What I don't understand is why they don't set it all to "read only" until the problem is sorted. Looks like any update goes to /dev/null, just let your users know!
(unless they plan to replay those updates, somehow)
If replaying is even on the table (which sounds very dangerous to me), that requires a huge coordination and I am pretty sure they are not able to tell right now if that is going to work once the actual issue is fixed.
Better to stay quiet while fixing the issue and only say things that you actually know 100% to be correct.
Great way to start the week.
Your code and your wiki (if you use it) are already in git repos. If the industry moved forward on issues in dvcs repos, you have another central point of failure removed.
You also have less hassle to work across dvcs hosts, which is exactly why GitHub would never embrace this.
> We are currently in the later stages of a restore operation, with the aim of serving fully consistent data within the next 2 hours."
(source: my website is hosted on github pages)
In the enterprise space, a 'data storage system' could be an Array or a SAN or a lightpath etc, with usually quite long failover times. For an org like GitHub I'd think more like an object store (an Array-of-Hosts, if you will) or whatever storage mechanism holds their database files. Do they self host this sort of thing or is it an AWS/GCE/Azure service?
FWIW, all git commands are working fine for me (create a branch, push, colleagues can fetch my branch), but the UI doesn't show my branch & nor can I review/comment on PRs.
Snark aside, this is a great time to reassess your deployment strategies and look into things like local apt and pypi proxies. I'm confident you can find similar projects that will transparently cache your dependencies.
Absolutely is this a perfect time to assess deployment strategies and challenge all the advice of how big a company has to be before it's worth to do X.

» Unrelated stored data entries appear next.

lemma cpartial_add:
  assumes "sep_holomorphic_on f U" "sep_holomorphic_on g U" "x \<in> U"
  shows "cpartial i (\<lambda>x. f x + g x) x = cpartial i f x + cpartial i g x"
  using DERIV_add[OF sep_holomorphic_on_line_derivative[OF assms(1), of x i 0]
      sep_holomorphic_on_line_derivative[OF assms(2), of x i 0]] assms(3)
  by (simp add: DERIV_imp_deriv cpartial_axis)

lemma cpartial_mult:
  assumes "sep_holomorphic_on f U" "sep_holomorphic_on g U" "x \<in> U"
  shows "cpartial i (\<lambda>x. f x * g x) x = cpartial i f x * g x + f x * cpartial i g x"
  using DERIV_mult[OF sep_holomorphic_on_line_derivative[OF assms(1), of x i 0]
      sep_holomorphic_on_line_derivative[OF assms(2), of x i 0]] assms(3)
  by (simp add: DERIV_imp_deriv cpartial_axis mult.commute)

text \<open>\<open>vanishes_to_order U y k f\<close>: \<open>f\<close> lies in the \<open>k\<close>-th power of the ideal of separately
  holomorphic functions on \<open>U\<close> vanishing at \<open>y\<close> (identities are only required on \<open>U\<close>).\<close>

inductive vanishes_to_order :: "(complex ^ 'n) set \<Rightarrow> complex ^ 'n \<Rightarrow> nat \<Rightarrow> (complex ^ 'n \<Rightarrow> complex) \<Rightarrow> bool"
  for U y where
  base: "sep_holomorphic_on f U \<Longrightarrow> vanishes_to_order U y 0 f"
| mult: "vanishes_to_order U y k g \<Longrightarrow> sep_holomorphic_on h U \<Longrightarrow> h y = 0 \<Longrightarrow>
    (\<forall>x\<in>U. f x = g x * h x) \<Longrightarrow> vanishes_to_order U y (Suc k) f"
| add: "vanishes_to_order U y (Suc k) f1 \<Longrightarrow> vanishes_to_order U y (Suc k) f2 \<Longrightarrow>
    (\<forall>x\<in>U. f x = f1 x + f2 x) \<Longrightarrow> vanishes_to_order U y (Suc k) f"

context
  fixes U :: "(complex ^ 'n) set" and y :: "complex ^ 'n"
  assumes U: "open U"
begin

lemma vanishes_to_order_imp_sep_holomorphic_on:
  "vanishes_to_order U y k f \<Longrightarrow> sep_holomorphic_on f U"
proof (induction rule: vanishes_to_order.induct)
  case (mult k g h f)
  then show ?case
    using sep_holomorphic_on_cong[OF sep_holomorphic_on_mult[of g U h] U] by auto
next
  case (add k f1 f2 f)
  then show ?case
    using sep_holomorphic_on_cong[OF sep_holomorphic_on_add[of f1 U f2] U] by auto
qed

lemma vanishes_to_order_Suc_imp_zero:
  assumes "vanishes_to_order U y (Suc k) f" "y \<in> U"
  shows "f y = 0"
proof -
  have "vanishes_to_order U y n f \<Longrightarrow> n = Suc k \<Longrightarrow> f y = 0" for n k
    by (induction arbitrary: k rule: vanishes_to_order.induct) (use assms(2) in auto)
  then show ?thesis
    using assms(1) by blast
qed

lemma vanishes_to_order_mult_right:
  "vanishes_to_order U y k g \<Longrightarrow> sep_holomorphic_on c U \<Longrightarrow> (\<forall>x\<in>U. f x = g x * c x) \<Longrightarrow>
    vanishes_to_order U y k f"
proof (induction arbitrary: f rule: vanishes_to_order.induct)
  case (base g)
  then show ?case
    using sep_holomorphic_on_cong[OF sep_holomorphic_on_mult[of g U c] U]
    by (auto intro: vanishes_to_order.base)
next
  case (mult k g h f)
  have "vanishes_to_order U y k (\<lambda>x. g x * c x)"
    by (rule mult.IH) (use mult.prems in auto)
  then show ?case
    by (rule vanishes_to_order.mult[OF _ mult.hyps(2,3)]) (use mult.prems mult.hyps(4) in auto)
next
  case (add k f1 f2 f)
  have "vanishes_to_order U y (Suc k) (\<lambda>x. f1 x * c x)" "vanishes_to_order U y (Suc k) (\<lambda>x. f2 x * c x)"
    using add.IH add.prems by auto
  then show ?case
    by (rule vanishes_to_order.add) (use add.prems add.hyps(3) in \<open>auto simp: distrib_right\<close>)
qed

lemma vanishes_to_order_add:
  assumes "vanishes_to_order U y k f1" "vanishes_to_order U y k f2" "\<forall>x\<in>U. f x = f1 x + f2 x"
  shows "vanishes_to_order U y k f"
proof (cases k)
  case 0
  then show ?thesis
    using assms sep_holomorphic_on_cong[OF sep_holomorphic_on_add[OF
        vanishes_to_order_imp_sep_holomorphic_on vanishes_to_order_imp_sep_holomorphic_on] U]
    by (auto intro: vanishes_to_order.base)
next
  case (Suc k')
  then show ?thesis
    using assms by (auto intro: vanishes_to_order.add)
qed

lemma vanishes_to_order_mult:
  "vanishes_to_order U y b g \<Longrightarrow> vanishes_to_order U y a f \<Longrightarrow>
    vanishes_to_order U y (a + b) (\<lambda>x. f x * g x)"
proof (induction rule: vanishes_to_order.induct)
  case (base g)
  then show ?case
    using vanishes_to_order_mult_right[of a f g] by auto
next
  case (mult k g h g')
  have "vanishes_to_order U y (a + k) (\<lambda>x. f x * g x)"
    using mult.IH mult.prems by blast
  then have "vanishes_to_order U y (Suc (a + k)) (\<lambda>x. f x * g' x)"
    by (rule vanishes_to_order.mult[OF _ mult.hyps(2,3)]) (use mult.hyps(4) in simp)
  then show ?case
    by simp
next
  case (add k f1 f2 g)
  have "vanishes_to_order U y (Suc (a + k)) (\<lambda>x. f x * f1 x)"
    "vanishes_to_order U y (Suc (a + k)) (\<lambda>x. f x * f2 x)"
    using add.IH add.prems by auto
  then have "vanishes_to_order U y (Suc (a + k)) (\<lambda>x. f x * g x)"
    by (rule vanishes_to_order.add) (use add.hyps(3) in \<open>simp add: distrib_left\<close>)
  then show ?case
    by simp
qed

If you can't do your job without a tool, then you need to have a plan B on hand for when that tool fails. Both in the micro sense of the tools you use to code (editor, browser, laptop, mouse, coffee mug, etc) and in the macro sense of tools your organization uses (ticketing systems, chat, bathrooms). Show some initiative, figure out some mirrors for your dependencies, and try standing up a local caching proxy for your team. It'll probably take a lot less time than you think.
It could be a networking issue, but you'd expect more sites to be impacted.
If it were a software issue, you'd expect a big player like google to be aggressively patching and talking about a bad release.
More likely is its just a coincidence.
Not even sure if that's feasible but it's an idea.
I personally don't find a relation likely.
What are the (good) alternatives to Github? Gitlab supposedly is Google-backed, so I don't want to have my private code there. Is Bitbucket the only one left?
I don't mind paying monthly, which I already do for GitHub.
This strikes me as odd. May I ask why usage of GCP is a deal-breaker for you? While I can understand not wanting to use Google products directly as a consumer, I believe it would be - for lack of a better term - platform suicide for Google to intercept and perform its usual analytical shenanigans on the data content of transmissions to/from their platform.
Either way, Phacility's Phabricator is $20/user/mo.
I use gmail, I'm quite happy to trust that contract.
Its only recently that gmail's contract involved keeping out of your data. I think they also only say they abstain from using your data for targeted advertising, not that they don't use it for other purposes. I haven't read the terms in quite a while though and I could be mistaken.
Great products though. I really do wish I could pay for them in exchange for a real, trustworthy, comprehensive privacy promise.